第258章

    樊哙豪爽惯了,啜饮有些要他命。
    他撅着嘴巴吸了好几下,砸吧砸吧嘴,道:“去!”
    有酒有肉的地方,为何不去!
    “樊樊,做人脑筋可别太简单了。”卢绾思虑比较重,有些不安,“她可不像无故施舍的人。她越是大方,证明她所图越大。
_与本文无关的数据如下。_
theorem mainTheorem11:
  fixes b :: real
  assumes "b > 0"
  shows "(\<forall>\<beta> \<beta>'. 0 < \<beta> \<and> \<beta> \<le> \<beta>' \<and>
            \<beta> / \<beta>' \<ge> real CARD('n) powr (- 1 / real CARD('n)) \<longrightarrow>
          (LINT z:(A2 :: (real^'n) set)|lborel.
              min (mvn_density z (b *\<^sub>R ones) ((1 / \<beta>) *\<^sub>R mat 1))
                  (mvn_density z (b *\<^sub>R ones) ((1 / \<beta>') *\<^sub>R mat 1)))
            \<ge> 1 / sqrt (real CARD('n)) * std_normal_cdf (b * sqrt (real CARD('n)) * sqrt \<beta>')
          \<and> 1 / sqrt (real CARD('n)) * std_normal_cdf (b * sqrt (real CARD('n)) * sqrt \<beta>')
            \<ge> 1 / (2 * sqrt (real CARD('n))))
       \<and> (\<forall>k < CARD('n).
          (LINT z|lborel. min (pi_k b k z) (pi_k b (Suc k) (z :: real^'n)))
            \<ge> 1 / (2 * sqrt (real CARD('n))))"
proof (intro conjI allI impI)
  fix \<beta> \<beta>' :: real
  assume \<beta>: "0 < \<beta> \<and> \<beta> \<le> \<beta>' \<and> \<beta> / \<beta>' \<ge> real CARD('n) powr (- 1 / real CARD('n))"
  then show "(LINT z:(A2 :: (real^'n) set)|lborel.
              min (mvn_density z (b *\<^sub>R ones) ((1 / \<beta>) *\<^sub>R mat 1))
                  (mvn_density z (b *\<^sub>R ones) ((1 / \<beta>') *\<^sub>R mat 1)))
            \<ge> 1 / sqrt (real CARD('n)) * std_normal_cdf (b * sqrt (real CARD('n)) * sqrt \<beta>')"
    using tempered_gaussians_overlap_A2[OF assms] by blast
  have "std_normal_cdf (b * sqrt (real CARD('n)) * sqrt \<beta>') \<ge> 1/2"
    using assms \<beta> by (intro std_normal_cdf_ge_half) simp
  then show "1 / sqrt (real CARD('n)) * std_normal_cdf (b * sqrt (real CARD('n)) * sqrt \<beta>')
            \<ge> 1 / (2 * sqrt (real CARD('n)))"
    by (simp add: field_simps)
next
  fix k assume "k < CARD('n)"
  then show "(LINT z|lborel. min (pi_k b k z) (pi_k b (Suc k) (z :: real^'n)))
            \<ge> 1 / (2 * sqrt (real CARD('n)))"
    by (rule pi_k_overlap[OF assms])
qed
”
    周勃疑惑:“我们几个穷鬼,有什么可图的?”
    全场霎时缄默,默默转头看他。
    就连最稳重的萧何,都禁不住一噎。
    “你说的很有道理。”曹参拍了拍他的肩膀,“但是下次别这么直言了。直言伤我心。”
    周勃:“……”
    醒醒罢。
    他们就是一无所有!
    “小鸡,你怎么看?”卢绾扭头看审食其。
    审食其:“……”
    不要叫他小鸡!
    然而他对此习惯了,也没真生气,只白了卢绾一眼,说:“若有机会,吾必自荐。”
    只要有机会,他就会死死抓住。
    绝不放过。
    夏侯婴沉吟,片刻后,看向刘邦:“季作何想法?”
    他总觉得,刘邦问出这样的话,已是打定主意,想要去往华胥国。
    刘邦转动手中碗,看里面月色被波澜推乱。
    他说:“吾欲往。”
    不仅为五斗米,还因为对方身上气度。
    哪怕华胥还只是一片焦土,他都相信对方能铸造起一片繁华。
    未曾开拓算什么。
    楚人起于山林,先祖筚路蓝缕,开山辟野,不也成楚。
    便是秦人,商君之前亦是处处乱石荒土。
    “人若不能为明主。”他举起碗来,遥遥敬明月,“总得追随一方明主,以成功业。”
    秦去暂时无望,那便到华胥看看去。
    卢绾、萧何与夏侯婴一听,便知道他打定了主意要去。
    夏侯婴于是道:“我与你同去。”
    刘邦是个有本事的人,他决定一切事情都听他的。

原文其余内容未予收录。